_Data extract_:
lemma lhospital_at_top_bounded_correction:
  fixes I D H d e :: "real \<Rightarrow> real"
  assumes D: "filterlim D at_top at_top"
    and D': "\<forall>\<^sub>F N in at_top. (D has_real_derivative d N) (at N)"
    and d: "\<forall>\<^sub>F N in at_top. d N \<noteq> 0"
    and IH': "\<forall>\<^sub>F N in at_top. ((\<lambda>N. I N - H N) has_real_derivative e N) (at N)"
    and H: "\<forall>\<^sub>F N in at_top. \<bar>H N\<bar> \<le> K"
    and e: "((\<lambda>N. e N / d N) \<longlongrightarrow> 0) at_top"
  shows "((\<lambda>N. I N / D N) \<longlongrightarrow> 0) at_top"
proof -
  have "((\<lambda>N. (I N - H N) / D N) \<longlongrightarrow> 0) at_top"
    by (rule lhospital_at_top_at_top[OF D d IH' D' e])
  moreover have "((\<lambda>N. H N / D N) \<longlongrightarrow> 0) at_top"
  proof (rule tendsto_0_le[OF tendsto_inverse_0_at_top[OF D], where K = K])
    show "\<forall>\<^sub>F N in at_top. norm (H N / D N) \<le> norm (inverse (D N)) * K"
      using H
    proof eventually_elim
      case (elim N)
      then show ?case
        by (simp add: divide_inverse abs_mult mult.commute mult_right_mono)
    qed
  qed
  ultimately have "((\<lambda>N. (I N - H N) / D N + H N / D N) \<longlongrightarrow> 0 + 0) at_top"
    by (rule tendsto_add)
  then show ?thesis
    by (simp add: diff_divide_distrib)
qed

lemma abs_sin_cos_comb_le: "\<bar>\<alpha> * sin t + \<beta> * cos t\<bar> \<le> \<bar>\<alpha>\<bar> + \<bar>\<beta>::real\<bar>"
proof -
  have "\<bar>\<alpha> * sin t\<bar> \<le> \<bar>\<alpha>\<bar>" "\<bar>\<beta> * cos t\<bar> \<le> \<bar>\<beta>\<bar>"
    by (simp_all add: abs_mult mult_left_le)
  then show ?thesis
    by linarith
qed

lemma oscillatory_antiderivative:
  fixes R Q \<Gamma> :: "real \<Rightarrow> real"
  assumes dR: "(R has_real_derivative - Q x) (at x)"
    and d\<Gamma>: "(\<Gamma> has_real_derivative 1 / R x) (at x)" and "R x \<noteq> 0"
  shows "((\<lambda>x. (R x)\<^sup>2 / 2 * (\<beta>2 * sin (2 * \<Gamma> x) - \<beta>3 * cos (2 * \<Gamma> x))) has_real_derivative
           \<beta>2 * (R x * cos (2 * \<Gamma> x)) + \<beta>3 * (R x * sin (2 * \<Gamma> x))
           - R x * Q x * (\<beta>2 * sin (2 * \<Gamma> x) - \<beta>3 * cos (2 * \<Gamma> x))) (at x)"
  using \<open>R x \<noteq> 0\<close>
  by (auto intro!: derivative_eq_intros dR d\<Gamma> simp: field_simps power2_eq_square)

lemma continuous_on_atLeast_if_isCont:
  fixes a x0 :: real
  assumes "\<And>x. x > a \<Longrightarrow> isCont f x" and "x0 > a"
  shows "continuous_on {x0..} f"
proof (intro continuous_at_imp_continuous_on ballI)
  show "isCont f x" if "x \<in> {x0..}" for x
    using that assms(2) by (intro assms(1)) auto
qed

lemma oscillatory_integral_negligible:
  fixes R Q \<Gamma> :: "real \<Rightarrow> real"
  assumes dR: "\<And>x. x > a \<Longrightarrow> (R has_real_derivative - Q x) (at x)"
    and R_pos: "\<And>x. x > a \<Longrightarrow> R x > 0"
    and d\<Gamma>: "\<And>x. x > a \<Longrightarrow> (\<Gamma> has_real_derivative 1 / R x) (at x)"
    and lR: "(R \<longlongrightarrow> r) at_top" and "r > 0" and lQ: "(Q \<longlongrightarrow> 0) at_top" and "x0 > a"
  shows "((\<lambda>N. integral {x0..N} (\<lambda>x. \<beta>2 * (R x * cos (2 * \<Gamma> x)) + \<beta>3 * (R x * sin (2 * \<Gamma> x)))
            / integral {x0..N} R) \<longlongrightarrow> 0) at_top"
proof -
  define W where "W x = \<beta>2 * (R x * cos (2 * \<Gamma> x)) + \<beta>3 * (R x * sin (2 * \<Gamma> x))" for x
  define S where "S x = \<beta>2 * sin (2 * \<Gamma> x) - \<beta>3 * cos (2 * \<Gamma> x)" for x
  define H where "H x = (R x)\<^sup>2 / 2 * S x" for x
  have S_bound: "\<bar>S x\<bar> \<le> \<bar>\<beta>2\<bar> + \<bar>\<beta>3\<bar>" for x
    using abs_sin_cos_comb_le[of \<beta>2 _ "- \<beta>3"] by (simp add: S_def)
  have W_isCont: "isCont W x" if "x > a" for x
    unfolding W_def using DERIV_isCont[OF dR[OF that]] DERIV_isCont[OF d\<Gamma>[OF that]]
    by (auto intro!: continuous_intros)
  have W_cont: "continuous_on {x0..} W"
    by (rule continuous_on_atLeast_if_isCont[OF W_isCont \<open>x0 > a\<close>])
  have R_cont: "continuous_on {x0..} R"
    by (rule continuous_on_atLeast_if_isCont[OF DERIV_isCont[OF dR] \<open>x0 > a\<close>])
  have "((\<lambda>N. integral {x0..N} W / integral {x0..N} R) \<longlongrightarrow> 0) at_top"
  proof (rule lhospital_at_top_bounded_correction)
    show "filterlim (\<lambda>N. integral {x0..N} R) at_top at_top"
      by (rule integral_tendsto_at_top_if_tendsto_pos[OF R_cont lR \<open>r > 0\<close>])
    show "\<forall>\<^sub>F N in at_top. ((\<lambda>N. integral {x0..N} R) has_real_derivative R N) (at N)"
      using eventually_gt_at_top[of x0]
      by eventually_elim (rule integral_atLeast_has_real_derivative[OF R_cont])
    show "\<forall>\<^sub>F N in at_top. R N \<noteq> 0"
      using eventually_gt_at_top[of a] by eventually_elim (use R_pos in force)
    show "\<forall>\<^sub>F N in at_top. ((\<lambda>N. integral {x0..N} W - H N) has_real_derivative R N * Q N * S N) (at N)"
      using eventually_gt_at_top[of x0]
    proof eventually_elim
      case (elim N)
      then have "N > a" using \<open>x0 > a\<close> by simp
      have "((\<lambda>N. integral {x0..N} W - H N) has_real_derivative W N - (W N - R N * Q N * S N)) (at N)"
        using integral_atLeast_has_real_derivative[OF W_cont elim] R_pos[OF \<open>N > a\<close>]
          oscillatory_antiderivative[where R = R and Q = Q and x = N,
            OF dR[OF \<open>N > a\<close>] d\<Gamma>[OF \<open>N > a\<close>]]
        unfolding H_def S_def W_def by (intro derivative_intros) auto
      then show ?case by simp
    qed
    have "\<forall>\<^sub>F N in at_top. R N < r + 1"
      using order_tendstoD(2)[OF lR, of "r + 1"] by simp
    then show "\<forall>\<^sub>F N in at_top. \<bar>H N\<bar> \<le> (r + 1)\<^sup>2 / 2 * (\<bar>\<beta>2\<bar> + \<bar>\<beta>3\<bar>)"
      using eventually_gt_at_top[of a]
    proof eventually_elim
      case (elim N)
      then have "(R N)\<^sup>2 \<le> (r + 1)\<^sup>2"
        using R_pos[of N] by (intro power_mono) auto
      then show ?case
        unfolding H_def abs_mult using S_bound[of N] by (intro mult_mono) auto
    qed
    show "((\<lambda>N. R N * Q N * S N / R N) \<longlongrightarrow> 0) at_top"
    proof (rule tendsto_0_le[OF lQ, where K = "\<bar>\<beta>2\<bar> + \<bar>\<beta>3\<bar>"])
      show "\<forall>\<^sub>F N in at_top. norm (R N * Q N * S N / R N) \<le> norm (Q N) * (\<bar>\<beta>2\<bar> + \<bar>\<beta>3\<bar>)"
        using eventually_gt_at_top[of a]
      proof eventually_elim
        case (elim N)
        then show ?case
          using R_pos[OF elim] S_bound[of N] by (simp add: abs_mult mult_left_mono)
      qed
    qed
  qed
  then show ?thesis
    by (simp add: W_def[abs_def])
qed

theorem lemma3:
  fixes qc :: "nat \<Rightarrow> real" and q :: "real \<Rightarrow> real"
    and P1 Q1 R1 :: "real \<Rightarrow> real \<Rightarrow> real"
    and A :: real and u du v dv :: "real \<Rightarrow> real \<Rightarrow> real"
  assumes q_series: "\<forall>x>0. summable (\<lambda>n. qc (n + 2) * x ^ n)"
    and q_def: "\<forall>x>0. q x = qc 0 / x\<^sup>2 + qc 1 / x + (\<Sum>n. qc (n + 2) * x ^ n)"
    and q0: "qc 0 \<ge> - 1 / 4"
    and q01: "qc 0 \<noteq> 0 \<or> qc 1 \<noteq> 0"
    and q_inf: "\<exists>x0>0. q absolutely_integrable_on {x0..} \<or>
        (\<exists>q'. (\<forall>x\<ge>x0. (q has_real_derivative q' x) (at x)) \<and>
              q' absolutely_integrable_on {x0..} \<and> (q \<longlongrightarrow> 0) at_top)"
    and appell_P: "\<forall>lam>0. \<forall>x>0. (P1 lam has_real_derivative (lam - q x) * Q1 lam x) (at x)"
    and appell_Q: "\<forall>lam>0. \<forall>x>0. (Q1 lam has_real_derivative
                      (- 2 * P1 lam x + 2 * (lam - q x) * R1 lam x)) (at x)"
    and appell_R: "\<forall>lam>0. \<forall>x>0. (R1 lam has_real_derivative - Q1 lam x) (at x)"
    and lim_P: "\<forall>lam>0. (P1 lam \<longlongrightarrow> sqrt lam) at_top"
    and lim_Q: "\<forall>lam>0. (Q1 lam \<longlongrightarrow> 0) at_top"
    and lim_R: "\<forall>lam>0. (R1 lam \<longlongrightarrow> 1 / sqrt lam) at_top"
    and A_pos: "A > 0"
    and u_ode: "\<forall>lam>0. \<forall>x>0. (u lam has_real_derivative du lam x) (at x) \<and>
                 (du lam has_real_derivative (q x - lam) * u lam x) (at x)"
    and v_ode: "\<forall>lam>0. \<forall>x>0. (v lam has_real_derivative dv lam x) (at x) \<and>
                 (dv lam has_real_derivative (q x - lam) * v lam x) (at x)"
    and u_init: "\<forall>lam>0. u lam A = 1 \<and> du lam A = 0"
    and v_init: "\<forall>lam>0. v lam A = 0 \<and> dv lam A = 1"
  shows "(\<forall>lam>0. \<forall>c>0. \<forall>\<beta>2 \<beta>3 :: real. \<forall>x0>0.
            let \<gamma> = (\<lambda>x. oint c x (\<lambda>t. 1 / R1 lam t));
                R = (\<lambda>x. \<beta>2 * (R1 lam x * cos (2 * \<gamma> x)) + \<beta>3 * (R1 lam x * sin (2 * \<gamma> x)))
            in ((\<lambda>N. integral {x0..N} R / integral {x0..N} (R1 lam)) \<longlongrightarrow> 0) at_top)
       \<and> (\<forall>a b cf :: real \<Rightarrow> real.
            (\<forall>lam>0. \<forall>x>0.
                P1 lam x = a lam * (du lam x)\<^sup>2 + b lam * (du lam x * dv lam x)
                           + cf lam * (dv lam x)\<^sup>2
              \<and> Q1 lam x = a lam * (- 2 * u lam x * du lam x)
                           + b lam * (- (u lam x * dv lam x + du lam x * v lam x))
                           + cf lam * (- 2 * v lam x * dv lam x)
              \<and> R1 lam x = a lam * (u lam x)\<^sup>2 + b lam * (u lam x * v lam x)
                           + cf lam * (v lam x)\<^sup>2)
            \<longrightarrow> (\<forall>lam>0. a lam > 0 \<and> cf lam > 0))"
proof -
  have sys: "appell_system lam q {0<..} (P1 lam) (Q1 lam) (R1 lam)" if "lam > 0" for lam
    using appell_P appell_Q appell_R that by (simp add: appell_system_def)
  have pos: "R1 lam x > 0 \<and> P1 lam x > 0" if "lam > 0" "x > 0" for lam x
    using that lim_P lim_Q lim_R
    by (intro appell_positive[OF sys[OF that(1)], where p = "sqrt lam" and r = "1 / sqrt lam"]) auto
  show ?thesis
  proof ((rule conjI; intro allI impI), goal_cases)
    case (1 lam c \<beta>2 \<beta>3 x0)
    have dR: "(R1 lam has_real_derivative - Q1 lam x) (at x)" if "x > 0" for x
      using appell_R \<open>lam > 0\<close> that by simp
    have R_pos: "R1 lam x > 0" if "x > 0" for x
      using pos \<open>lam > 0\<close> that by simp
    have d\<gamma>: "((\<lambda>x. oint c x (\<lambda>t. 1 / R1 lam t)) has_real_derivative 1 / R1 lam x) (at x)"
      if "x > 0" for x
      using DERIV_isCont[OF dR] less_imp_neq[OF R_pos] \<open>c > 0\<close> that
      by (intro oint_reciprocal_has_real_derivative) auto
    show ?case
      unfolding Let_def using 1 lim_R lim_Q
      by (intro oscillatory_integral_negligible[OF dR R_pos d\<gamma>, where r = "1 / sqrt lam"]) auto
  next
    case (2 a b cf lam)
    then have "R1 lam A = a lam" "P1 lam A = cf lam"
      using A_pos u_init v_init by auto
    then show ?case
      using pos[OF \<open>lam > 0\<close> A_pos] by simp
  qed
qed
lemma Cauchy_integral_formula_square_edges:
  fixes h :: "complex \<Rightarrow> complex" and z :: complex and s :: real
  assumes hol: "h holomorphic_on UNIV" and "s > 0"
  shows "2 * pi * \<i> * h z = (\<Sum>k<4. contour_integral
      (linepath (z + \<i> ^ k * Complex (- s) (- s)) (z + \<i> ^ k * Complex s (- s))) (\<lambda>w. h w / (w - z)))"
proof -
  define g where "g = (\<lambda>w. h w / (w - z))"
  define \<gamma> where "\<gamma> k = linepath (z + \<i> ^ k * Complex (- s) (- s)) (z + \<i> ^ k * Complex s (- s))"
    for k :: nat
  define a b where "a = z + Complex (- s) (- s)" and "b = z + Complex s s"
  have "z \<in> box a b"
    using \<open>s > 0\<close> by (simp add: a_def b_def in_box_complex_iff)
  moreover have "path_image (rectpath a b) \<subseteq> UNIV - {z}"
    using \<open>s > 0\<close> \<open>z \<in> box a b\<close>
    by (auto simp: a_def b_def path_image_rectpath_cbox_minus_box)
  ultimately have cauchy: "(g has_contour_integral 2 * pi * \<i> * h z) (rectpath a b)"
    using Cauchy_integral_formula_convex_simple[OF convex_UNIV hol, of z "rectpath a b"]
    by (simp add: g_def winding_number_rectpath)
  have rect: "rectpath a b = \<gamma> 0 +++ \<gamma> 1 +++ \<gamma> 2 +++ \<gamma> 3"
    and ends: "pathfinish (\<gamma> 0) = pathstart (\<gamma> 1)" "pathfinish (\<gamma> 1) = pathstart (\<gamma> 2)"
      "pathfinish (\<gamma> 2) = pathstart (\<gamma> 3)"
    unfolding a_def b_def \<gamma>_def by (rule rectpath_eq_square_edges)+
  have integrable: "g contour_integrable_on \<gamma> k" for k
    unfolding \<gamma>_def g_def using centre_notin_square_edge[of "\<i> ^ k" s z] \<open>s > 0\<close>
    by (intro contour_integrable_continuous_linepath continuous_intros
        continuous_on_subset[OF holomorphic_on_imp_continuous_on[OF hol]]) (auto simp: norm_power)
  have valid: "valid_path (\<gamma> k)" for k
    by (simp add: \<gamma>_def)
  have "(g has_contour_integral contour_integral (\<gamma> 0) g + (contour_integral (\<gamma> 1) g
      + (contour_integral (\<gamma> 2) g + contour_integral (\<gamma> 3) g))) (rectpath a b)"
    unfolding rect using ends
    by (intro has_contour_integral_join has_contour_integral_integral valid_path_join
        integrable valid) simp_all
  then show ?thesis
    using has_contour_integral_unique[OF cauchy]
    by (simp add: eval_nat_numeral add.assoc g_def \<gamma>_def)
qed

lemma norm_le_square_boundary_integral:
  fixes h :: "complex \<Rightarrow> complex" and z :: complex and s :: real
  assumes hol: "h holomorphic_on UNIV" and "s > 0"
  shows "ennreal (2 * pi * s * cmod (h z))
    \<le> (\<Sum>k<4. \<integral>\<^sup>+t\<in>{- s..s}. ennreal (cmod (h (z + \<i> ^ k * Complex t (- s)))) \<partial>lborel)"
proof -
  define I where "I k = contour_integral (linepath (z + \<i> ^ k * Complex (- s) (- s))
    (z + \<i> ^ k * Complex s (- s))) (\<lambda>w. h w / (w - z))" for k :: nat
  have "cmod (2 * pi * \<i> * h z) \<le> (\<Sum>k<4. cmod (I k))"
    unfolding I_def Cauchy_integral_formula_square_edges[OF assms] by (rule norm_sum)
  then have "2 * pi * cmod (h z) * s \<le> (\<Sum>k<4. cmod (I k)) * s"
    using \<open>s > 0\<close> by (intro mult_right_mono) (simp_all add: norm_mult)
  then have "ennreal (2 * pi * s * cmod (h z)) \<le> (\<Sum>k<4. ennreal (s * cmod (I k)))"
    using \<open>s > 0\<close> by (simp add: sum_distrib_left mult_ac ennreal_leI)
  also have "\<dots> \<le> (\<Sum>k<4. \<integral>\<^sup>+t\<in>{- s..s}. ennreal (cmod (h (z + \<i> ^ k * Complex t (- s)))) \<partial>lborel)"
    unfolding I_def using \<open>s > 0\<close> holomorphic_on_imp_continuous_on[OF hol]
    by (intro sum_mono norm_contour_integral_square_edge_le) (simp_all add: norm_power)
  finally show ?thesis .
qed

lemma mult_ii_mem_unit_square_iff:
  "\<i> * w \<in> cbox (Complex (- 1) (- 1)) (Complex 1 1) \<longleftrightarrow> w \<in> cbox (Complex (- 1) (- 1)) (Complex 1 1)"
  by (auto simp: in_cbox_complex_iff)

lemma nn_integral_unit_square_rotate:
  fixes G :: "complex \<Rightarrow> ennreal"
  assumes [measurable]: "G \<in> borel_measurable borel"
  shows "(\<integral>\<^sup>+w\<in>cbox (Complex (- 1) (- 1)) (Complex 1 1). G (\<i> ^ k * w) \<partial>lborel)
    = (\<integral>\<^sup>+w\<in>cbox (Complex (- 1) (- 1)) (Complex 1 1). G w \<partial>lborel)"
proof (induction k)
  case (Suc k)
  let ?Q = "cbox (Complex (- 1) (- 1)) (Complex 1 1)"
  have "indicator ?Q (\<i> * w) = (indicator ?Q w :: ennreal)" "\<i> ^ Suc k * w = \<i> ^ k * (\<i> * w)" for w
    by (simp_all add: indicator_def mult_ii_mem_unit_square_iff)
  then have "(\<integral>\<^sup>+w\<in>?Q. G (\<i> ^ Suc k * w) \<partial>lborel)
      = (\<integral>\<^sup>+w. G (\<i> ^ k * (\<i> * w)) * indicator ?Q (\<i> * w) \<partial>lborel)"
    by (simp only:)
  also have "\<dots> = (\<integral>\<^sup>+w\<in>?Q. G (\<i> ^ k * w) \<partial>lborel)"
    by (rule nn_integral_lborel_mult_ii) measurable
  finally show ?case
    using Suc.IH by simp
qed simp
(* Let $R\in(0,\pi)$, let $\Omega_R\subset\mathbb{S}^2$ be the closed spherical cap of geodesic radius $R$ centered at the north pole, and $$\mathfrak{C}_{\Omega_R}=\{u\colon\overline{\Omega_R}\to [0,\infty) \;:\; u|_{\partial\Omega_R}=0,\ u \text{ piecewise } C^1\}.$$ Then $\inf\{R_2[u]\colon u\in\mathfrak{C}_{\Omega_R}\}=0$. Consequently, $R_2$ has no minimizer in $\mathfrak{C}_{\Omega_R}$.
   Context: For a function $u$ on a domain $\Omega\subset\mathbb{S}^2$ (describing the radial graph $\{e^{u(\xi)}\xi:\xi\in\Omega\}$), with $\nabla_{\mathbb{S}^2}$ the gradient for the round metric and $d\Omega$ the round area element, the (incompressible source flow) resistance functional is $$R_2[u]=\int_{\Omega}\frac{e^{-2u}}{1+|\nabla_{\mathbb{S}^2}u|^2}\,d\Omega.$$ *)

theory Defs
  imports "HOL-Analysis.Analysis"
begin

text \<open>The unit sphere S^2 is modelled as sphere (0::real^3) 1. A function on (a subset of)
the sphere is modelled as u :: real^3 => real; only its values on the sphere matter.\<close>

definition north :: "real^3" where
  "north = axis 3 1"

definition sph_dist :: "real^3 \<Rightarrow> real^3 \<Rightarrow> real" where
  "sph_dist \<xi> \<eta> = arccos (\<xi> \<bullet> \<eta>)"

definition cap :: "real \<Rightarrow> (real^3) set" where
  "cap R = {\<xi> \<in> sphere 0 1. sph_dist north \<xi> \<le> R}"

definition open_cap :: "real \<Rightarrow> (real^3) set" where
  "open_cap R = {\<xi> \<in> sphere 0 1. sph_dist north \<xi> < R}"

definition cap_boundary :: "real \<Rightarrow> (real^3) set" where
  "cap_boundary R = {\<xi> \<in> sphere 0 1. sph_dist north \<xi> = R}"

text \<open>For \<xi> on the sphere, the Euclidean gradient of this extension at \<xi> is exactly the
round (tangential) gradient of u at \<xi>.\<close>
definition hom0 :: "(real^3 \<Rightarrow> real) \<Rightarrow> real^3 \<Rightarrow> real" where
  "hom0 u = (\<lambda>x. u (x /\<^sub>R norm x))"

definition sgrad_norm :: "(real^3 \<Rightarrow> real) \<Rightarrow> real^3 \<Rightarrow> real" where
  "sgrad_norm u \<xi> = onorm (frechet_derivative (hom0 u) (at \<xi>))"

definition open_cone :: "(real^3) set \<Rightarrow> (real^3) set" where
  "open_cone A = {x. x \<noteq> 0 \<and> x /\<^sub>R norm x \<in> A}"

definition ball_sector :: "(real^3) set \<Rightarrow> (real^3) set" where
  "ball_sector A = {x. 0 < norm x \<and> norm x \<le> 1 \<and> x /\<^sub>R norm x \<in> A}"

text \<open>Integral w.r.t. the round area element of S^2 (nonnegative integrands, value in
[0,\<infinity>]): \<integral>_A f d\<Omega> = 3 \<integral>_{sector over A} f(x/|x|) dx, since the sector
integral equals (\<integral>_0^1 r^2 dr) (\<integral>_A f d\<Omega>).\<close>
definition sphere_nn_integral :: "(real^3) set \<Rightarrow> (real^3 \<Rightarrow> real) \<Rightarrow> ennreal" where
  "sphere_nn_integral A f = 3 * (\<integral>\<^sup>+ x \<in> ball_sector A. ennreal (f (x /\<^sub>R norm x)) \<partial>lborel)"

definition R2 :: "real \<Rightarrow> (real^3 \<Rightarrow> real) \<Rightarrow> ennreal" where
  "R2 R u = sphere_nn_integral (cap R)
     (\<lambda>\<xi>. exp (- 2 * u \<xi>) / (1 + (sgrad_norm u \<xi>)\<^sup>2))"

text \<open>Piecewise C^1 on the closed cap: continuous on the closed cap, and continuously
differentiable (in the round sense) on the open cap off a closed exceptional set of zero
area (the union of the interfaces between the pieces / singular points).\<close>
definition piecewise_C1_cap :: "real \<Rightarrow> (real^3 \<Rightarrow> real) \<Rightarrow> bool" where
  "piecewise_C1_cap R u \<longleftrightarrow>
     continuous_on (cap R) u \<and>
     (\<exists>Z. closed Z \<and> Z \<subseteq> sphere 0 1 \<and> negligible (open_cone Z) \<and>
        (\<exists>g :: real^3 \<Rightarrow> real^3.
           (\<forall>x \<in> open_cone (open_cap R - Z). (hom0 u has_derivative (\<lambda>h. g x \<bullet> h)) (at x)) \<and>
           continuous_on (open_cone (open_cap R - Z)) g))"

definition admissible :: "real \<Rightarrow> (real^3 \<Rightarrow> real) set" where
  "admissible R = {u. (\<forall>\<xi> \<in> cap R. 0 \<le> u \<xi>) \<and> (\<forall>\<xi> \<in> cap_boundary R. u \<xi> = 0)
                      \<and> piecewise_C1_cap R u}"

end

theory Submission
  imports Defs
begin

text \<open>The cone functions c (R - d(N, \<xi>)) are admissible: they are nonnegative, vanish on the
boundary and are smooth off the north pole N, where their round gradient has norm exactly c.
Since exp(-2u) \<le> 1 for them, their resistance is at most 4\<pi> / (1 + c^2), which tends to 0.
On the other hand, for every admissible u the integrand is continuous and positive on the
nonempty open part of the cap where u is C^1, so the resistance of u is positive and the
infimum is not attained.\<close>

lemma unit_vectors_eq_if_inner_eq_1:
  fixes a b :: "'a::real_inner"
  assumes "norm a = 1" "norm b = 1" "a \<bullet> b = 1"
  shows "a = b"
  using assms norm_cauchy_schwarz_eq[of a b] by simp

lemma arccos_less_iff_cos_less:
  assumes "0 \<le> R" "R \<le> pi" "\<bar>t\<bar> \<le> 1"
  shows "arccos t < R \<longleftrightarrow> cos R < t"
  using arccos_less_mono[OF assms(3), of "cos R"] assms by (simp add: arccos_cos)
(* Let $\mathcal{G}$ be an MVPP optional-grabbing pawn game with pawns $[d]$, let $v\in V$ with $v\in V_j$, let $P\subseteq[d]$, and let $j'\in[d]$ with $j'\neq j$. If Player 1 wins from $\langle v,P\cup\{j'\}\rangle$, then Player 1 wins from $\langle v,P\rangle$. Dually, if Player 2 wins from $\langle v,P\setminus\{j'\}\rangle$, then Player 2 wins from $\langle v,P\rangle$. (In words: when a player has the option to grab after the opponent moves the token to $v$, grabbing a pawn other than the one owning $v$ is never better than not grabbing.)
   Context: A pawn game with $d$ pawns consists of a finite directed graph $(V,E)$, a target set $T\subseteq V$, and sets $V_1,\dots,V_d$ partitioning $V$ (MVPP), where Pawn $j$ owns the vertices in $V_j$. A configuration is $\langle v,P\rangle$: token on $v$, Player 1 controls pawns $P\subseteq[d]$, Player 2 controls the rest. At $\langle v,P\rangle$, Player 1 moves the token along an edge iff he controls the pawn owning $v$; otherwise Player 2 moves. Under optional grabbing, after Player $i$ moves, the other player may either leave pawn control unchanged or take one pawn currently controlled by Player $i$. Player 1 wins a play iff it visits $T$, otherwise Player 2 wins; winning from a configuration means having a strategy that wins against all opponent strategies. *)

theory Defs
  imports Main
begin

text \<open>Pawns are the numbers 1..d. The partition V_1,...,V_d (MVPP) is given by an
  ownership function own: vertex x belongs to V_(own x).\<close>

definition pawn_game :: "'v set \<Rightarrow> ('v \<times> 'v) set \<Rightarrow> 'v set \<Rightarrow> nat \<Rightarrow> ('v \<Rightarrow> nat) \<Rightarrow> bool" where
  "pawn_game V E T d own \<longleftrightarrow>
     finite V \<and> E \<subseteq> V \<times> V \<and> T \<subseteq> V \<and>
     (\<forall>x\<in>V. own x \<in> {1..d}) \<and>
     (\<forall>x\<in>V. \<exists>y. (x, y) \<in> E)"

_What the exercise asks_: An exact, complete copy of the lines above from the one with "then show ?case by simp" through the one with "using order_tendstoD(2)[OF lR, of" is the whole answer.

_The completed task_:
      then show ?case by simp
    qed
    have "\<forall>\<^sub>F N in at_top. R N < r + 1"
      using order_tendstoD(2)[OF lR, of "r + 1"] by simp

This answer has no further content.